Collected data:
########

definition Rperm :: "(nat \<Rightarrow> nat) \<Rightarrow> bool" where
  "Rperm \<pi> \<longleftrightarrow> (\<exists>ps. Rperm_pieces ps \<pi>)"

definition tau :: "nat \<Rightarrow> nat" where
  "tau n = (if n \<in> R 2 0 then nat \<lfloor>phi * real n + 1\<rfloor>
            else if n \<in> R 1 0 then nat \<lfloor>phi * real n - 1\<rfloor>
            else if n \<in> R 1 1 then nat \<lfloor>(phi - 1) * real n + 1\<rfloor>
            else 0)"

definition tau_inv :: "nat \<Rightarrow> nat" where
  "tau_inv n = (if n \<in> R 2 0 \<union> R 1 1 then nat \<lfloor>phi * real n\<rfloor>
            else if n \<in> R 2 1 then nat \<lfloor>(phi - 1) * real n + 1\<rfloor>
            else if n \<in> R 3 0 then nat \<lfloor>(phi - 1) * real n\<rfloor>
            else 0)"

end

theory Submission
  imports Defs "HOL-Computational_Algebra.Primes"
begin

text \<open>
  Write A n = floor (n phi) and B n = A n + n = floor (n phi^2) for the lower and upper Wythoff
  sequences. As phi is irrational and 1/phi + 1/phi^2 = 1, Beatty's theorem says that the ranges
  of A and B partition the positive integers. By the Wythoff identities A (A n) = B n - 1 and
  A (B n) = A n + B n, the sets R i j occurring here are the ranges of B, A o A, A o B, B o A and
  B o B. So the positive integers split both as range (A o A) + range (A o B) + range B and as
  range A + range (B o A) + range (B o B), and tau maps the first splitting onto the second piece
  by piece: A (A k) to A k, A (B k) to B (B k) and B k to B (A k). The floor formulas defining
  tau and tau_inv are these maps rewritten by the same identities.
\<close>

section \<open>Beatty sequences\<close>

definition beatty :: "real \<Rightarrow> nat \<Rightarrow> nat" where
  "beatty \<alpha> n = nat \<lfloor>real n * \<alpha>\<rfloor>"

lemma beatty_eq_iff:
  assumes "\<alpha> \<ge> 0"
  shows "beatty \<alpha> n = m \<longleftrightarrow> real m \<le> real n * \<alpha> \<and> real n * \<alpha> < real m + 1"
  using assms by (simp add: beatty_def nat_eq_iff floor_eq_iff)

lemma int_beatty: "\<alpha> \<ge> 0 \<Longrightarrow> int (beatty \<alpha> n) = \<lfloor>real n * \<alpha>\<rfloor>"
  by (simp add: beatty_def)

lemma beatty_add_one: "\<alpha> \<ge> 0 \<Longrightarrow> beatty (\<alpha> + 1) n = beatty \<alpha> n + n"
  by (simp add: beatty_def distrib_left nat_add_distrib)

lemma beatty_ge_self: "\<alpha> \<ge> 1 \<Longrightarrow> n \<le> beatty \<alpha> n"
  by (simp add: beatty_def le_nat_floor mult_le_cancel_left1)

lemma beatty_image_subset: "\<alpha> \<ge> 1 \<Longrightarrow> beatty \<alpha> ` {1..} \<subseteq> {1..}"
  using beatty_ge_self by (fastforce intro: order_trans)

lemma strict_mono_beatty: "\<alpha> \<ge> 1 \<Longrightarrow> strict_mono (beatty \<alpha>)"
  unfolding strict_mono_Suc_iff
proof
  fix n assume "\<alpha> \<ge> 1"
  then have "real n * \<alpha> + 1 \<le> real (Suc n) * \<alpha>" by (simp add: algebra_simps)
  then have "\<lfloor>real n * \<alpha>\<rfloor> + 1 \<le> \<lfloor>real (Suc n) * \<alpha>\<rfloor>"
    using floor_mono by fastforce
  then have "int (beatty \<alpha> n) < int (beatty \<alpha> (Suc n))"
    using \<open>\<alpha> \<ge> 1\<close> by (simp add: int_beatty)
  then show "beatty \<alpha> n < beatty \<alpha> (Suc n)" by simp
qed

lemma rational_divide_irrational_not_Rats:
  assumes "\<alpha> \<notin> \<rat>" "q \<in> \<rat>" "q \<noteq> 0"
  shows "q / \<alpha> \<notin> \<rat>"
proof
  assume quotient: "q / \<alpha> \<in> \<rat>"
  have "\<alpha> \<noteq> 0" using assms(1) by auto
  then have "\<alpha> = q / (q / \<alpha>)" using assms(3) by simp
  also have "\<dots> \<in> \<rat>" using assms(2) quotient by (rule Rats_divide)
  finally show False using assms(1) by simp
qed

lemma of_nat_mult_irrational_not_Ints:
  assumes "\<alpha> \<notin> \<rat>" "m \<ge> 1"
  shows "real m * \<alpha> \<notin> \<int>"
proof
  assume "real m * \<alpha> \<in> \<int>"
  then have "real m * \<alpha> / real m \<in> \<rat>" using Ints_subset_Rats by (intro Rats_divide) auto
  with assms show False by simp
qed

lemma of_nat_divide_irrational_not_Ints:
  assumes "\<alpha> \<notin> \<rat>" "m \<ge> 1"
  shows "real m / \<alpha> \<notin> \<int>"
  using rational_divide_irrational_not_Rats[OF assms(1), of "real m"] assms(2) Ints_subset_Rats by auto

lemma mem_beatty_image_iff:
  assumes "\<alpha> > 1" "\<alpha> \<notin> \<rat>" "m \<ge> 1"
  shows "m \<in> beatty \<alpha> ` {1..} \<longleftrightarrow> 1 - 1 / \<alpha> < frac (real m / \<alpha>)"
proof -
  txt \<open>\<open>beatty \<alpha> n = m\<close> means that \<open>n\<close> lies in \<open>[m/\<alpha>, (m+1)/\<alpha>)\<close>, an interval of length
    less than 1 with irrational left end, so the only candidate is \<open>n = \<lfloor>m/\<alpha>\<rfloor> + 1\<close>.\<close>
  define x where "x = real m / \<alpha>"
  have "x \<notin> \<int>" unfolding x_def using assms by (intro of_nat_divide_irrational_not_Ints)
  have "x > 0" using assms by (simp add: x_def)
  have beatty_iff: "beatty \<alpha> n = m \<longleftrightarrow> x \<le> real n \<and> real n < x + 1 / \<alpha>" for n
    using assms by (simp add: beatty_eq_iff x_def field_simps)
  have "beatty \<alpha> 0 \<noteq> m" using assms(3) by (simp add: beatty_def)
  then have "m \<in> beatty \<alpha> ` {1..} \<longleftrightarrow> (\<exists>n. beatty \<alpha> n = m)"
    by (metis atLeast_iff image_iff less_one linorder_not_le)
  also have "\<dots> \<longleftrightarrow> 1 - 1 / \<alpha> < frac x"
  proof
    assume "\<exists>n. beatty \<alpha> n = m"
    then obtain n where "x \<le> real n" "real n < x + 1 / \<alpha>" using beatty_iff by blast
    moreover have "x \<noteq> real n" using \<open>x \<notin> \<int>\<close> by auto
    moreover have "1 / \<alpha> < 1" using assms by simp
    ultimately have "x < real n" "real n - 1 \<le> x" by linarith+
    then have "\<lfloor>x\<rfloor> < int n" "int n - 1 \<le> \<lfloor>x\<rfloor>"
      by (simp_all add: floor_less_iff le_floor_iff)
    then have "real n = real_of_int \<lfloor>x\<rfloor> + 1" by linarith
    with \<open>real n < x + 1 / \<alpha>\<close> show "1 - 1 / \<alpha> < frac x" by (simp add: frac_def)
  next
    assume "1 - 1 / \<alpha> < frac x"
    have "beatty \<alpha> (nat (\<lfloor>x\<rfloor> + 1)) = m"
      using \<open>1 - 1 / \<alpha> < frac x\<close> \<open>x > 0\<close> unfolding beatty_iff frac_def by simp
    then show "\<exists>n. beatty \<alpha> n = m" ..
  qed
  finally show ?thesis by (simp add: x_def)
qed

theorem beatty_complement:
  assumes "\<alpha> > 1" "\<alpha> \<notin> \<rat>" and conjugate: "1 / \<alpha> + 1 / \<beta> = 1"
  shows "beatty \<beta> ` {1..} = {1..} - beatty \<alpha> ` {1..}"
proof -
  have inverse_beta: "1 / \<beta> = 1 - 1 / \<alpha>" using conjugate by simp
  then have "0 < 1 / \<beta>" "1 / \<beta> < 1" using assms(1) by simp_all
  then have "\<beta> > 1" by (simp add: divide_less_eq_1 zero_less_divide_1_iff)
  have "\<beta> \<notin> \<rat>"
  proof
    assume "\<beta> \<in> \<rat>"
    then have "1 / (1 - 1 / \<beta>) \<in> \<rat>" by simp
    with inverse_beta assms(1,2) show False by simp
  qed
  have "m \<in> beatty \<beta> ` {1..} \<longleftrightarrow> m \<notin> beatty \<alpha> ` {1..}" if "m \<ge> 1" for m
  proof -
    define x where "x = real m / \<alpha>"
    have "x \<notin> \<int>" unfolding x_def using assms that by (intro of_nat_divide_irrational_not_Ints)
    have "real m / \<beta> = real m * (1 / \<beta>)" by simp
    also have "\<dots> = of_int (int m) + - x" by (simp add: inverse_beta x_def algebra_simps)
    finally have "real m / \<beta> = of_int (int m) + - x" .
    then have frac_beta: "frac (real m / \<beta>) = 1 - frac x"
      using \<open>x \<notin> \<int>\<close> by (simp only: frac_add_of_int_left frac_neg) simp
    txt \<open>Hence the criteria of \<open>mem_beatty_image_iff\<close> for \<open>\<alpha>\<close> and \<open>\<beta>\<close> are complementary
      unless \<open>frac x = 1 - 1/\<alpha>\<close>, which would make \<open>(m+1)/\<alpha>\<close> an integer.\<close>
    have "frac x \<noteq> 1 - 1 / \<alpha>"
    proof
      assume "frac x = 1 - 1 / \<alpha>"
      then have "real (m + 1) / \<alpha> = of_int (\<lfloor>x\<rfloor> + 1)" by (simp add: x_def frac_def add_divide_distrib)
      then show False using of_nat_divide_irrational_not_Ints[OF assms(2), of "m + 1"] by simp
    qed
    then show ?thesis
      using mem_beatty_image_iff[OF assms(1,2) that] mem_beatty_image_iff[OF \<open>\<beta> > 1\<close> \<open>\<beta> \<notin> \<rat>\<close> that]
      by (simp add: frac_beta inverse_beta x_def) linarith
  qed
  moreover have "beatty \<beta> ` {1..} \<subseteq> {1..}" using \<open>\<beta> > 1\<close> by (intro beatty_image_subset) simp
  ultimately show ?thesis by blast
qed
(* Let $V,W$ be finite-dimensional real vector spaces and let $\mathcal{R}=(\mathcal{R}^0,\mathcal{R}^1,\dots)$ be a sequence in $\mathscr{P}(V;W)$. If $\mathrm{Kern}(\mathrm{Eval}_{\mathcal{R}})$ is an ideal of $\mathscr{P}(V)[\lambda]$, then $P_{\min}(\mathcal{R})\in\mathscr{P}(V)[\lambda]$ and $$\mathrm{Kern}(\mathrm{Eval}_{\mathcal{R}})=\mathscr{P}(V)[\lambda]\cdot P_{\min}(\mathcal{R}).$$
   Context: $\mathscr{P}(V)$ and $\mathscr{F}(V)$ are the rings of real polynomial and rational functions on $V$. $\mathscr{P}(V;W)$ and $\mathscr{F}(V;W)$ are the modules of $W$-valued polynomial and rational functions. $\mathscr{A}_j(\mathcal{R})=\{X\in V: \mathcal{R}^0(X),\dots,\mathcal{R}^j(X)\text{ linearly dependent in }W\}$. Let $k\ge0$ be the smallest integer with $\mathscr{A}_k(\mathcal{R})=V$. Then $P_{\min}(\mathcal{R})=\lambda^k+\sum_{i=1}^k a_i\lambda^{k-i}$, where $a_i\in\mathscr{F}(V)$ are the unique rational functions with $\mathcal{R}^k=-\sum_{i=1}^k a_i\mathcal{R}^{k-i}$ in $\mathscr{F}(V;W)$. $\mathrm{Eval}_{\mathcal{R}}\colon\mathscr{P}(V)[\lambda]\to\mathscr{P}(V;W)$ is the unique $\mathscr{P}(V)$-module homomorphism with $\lambda^i\mapsto\mathcal{R}^i$. *)

theory Defs
  imports "HOL-Analysis.Analysis"
begin

text \<open>P(V): real polynomial functions on a finite-dimensional real vector space V
  (modelled by a euclidean_space): the smallest algebra of functions containing the
  constants and the linear functionals.\<close>
inductive polyfun :: "('a::euclidean_space \<Rightarrow> real) \<Rightarrow> bool" where
  const: "polyfun (\<lambda>x. c)"
| lin: "polyfun (\<lambda>x. x \<bullet> b)"
| add: "polyfun f \<Longrightarrow> polyfun g \<Longrightarrow> polyfun (\<lambda>x. f x + g x)"
| mult: "polyfun f \<Longrightarrow> polyfun g \<Longrightarrow> polyfun (\<lambda>x. f x * g x)"

definition polyfun_vec :: "('a::euclidean_space \<Rightarrow> 'b::euclidean_space) \<Rightarrow> bool" where
  "polyfun_vec f \<longleftrightarrow> (\<forall>b\<in>Basis. polyfun (\<lambda>x. f x \<bullet> b))"

text \<open>P(V)[lambda]: coefficient sequences with polynomial coefficients and finite support;
  c i is the coefficient of lambda^i.\<close>
definition polyseq :: "(nat \<Rightarrow> 'a::euclidean_space \<Rightarrow> real) set" where
  "polyseq = {c. (\<forall>i. polyfun (c i)) \<and> finite {i. c i \<noteq> (\<lambda>_. 0)}}"

definition pzero :: "nat \<Rightarrow> 'a \<Rightarrow> real" where
  "pzero = (\<lambda>i x. 0)"

definition padd :: "(nat \<Rightarrow> 'a \<Rightarrow> real) \<Rightarrow> (nat \<Rightarrow> 'a \<Rightarrow> real) \<Rightarrow> nat \<Rightarrow> 'a \<Rightarrow> real" where
  "padd c d = (\<lambda>i x. c i x + d i x)"

definition pmul :: "(nat \<Rightarrow> 'a \<Rightarrow> real) \<Rightarrow> (nat \<Rightarrow> 'a \<Rightarrow> real) \<Rightarrow> nat \<Rightarrow> 'a \<Rightarrow> real" where
  "pmul c d = (\<lambda>n x. \<Sum>i\<le>n. c i x * d (n - i) x)"

definition is_ideal :: "(nat \<Rightarrow> 'a::euclidean_space \<Rightarrow> real) set \<Rightarrow> bool" where
  "is_ideal I \<longleftrightarrow> I \<subseteq> polyseq \<and> pzero \<in> I \<and> (\<forall>c\<in>I. \<forall>d\<in>I. padd c d \<in> I)
     \<and> (\<forall>d\<in>polyseq. \<forall>c\<in>I. pmul d c \<in> I)"

definition Eval :: "(nat \<Rightarrow> 'a \<Rightarrow> 'b::real_vector) \<Rightarrow> (nat \<Rightarrow> 'a \<Rightarrow> real) \<Rightarrow> 'a \<Rightarrow> 'b" where
  "Eval R c = (\<lambda>x. \<Sum>i\<in>{i. c i \<noteq> (\<lambda>_. 0)}. c i x *\<^sub>R R i x)"

definition Kern_Eval :: "(nat \<Rightarrow> 'a::euclidean_space \<Rightarrow> 'b::euclidean_space) \<Rightarrow> (nat \<Rightarrow> 'a \<Rightarrow> real) set" where
  "Kern_Eval R = {c \<in> polyseq. Eval R c = (\<lambda>_. 0)}"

########

YOUR ASSIGNMENT: Which lines above contain the word "only"? List them.

ANSWER SECTION:
    less than 1 with irrational left end, so the only candidate is \<open>n = \<lfloor>m/\<alpha>\<rfloor> + 1\<close>.\<close>
      using \<open>x \<notin> \<int>\<close> by (simp only: frac_add_of_int_left frac_neg) simp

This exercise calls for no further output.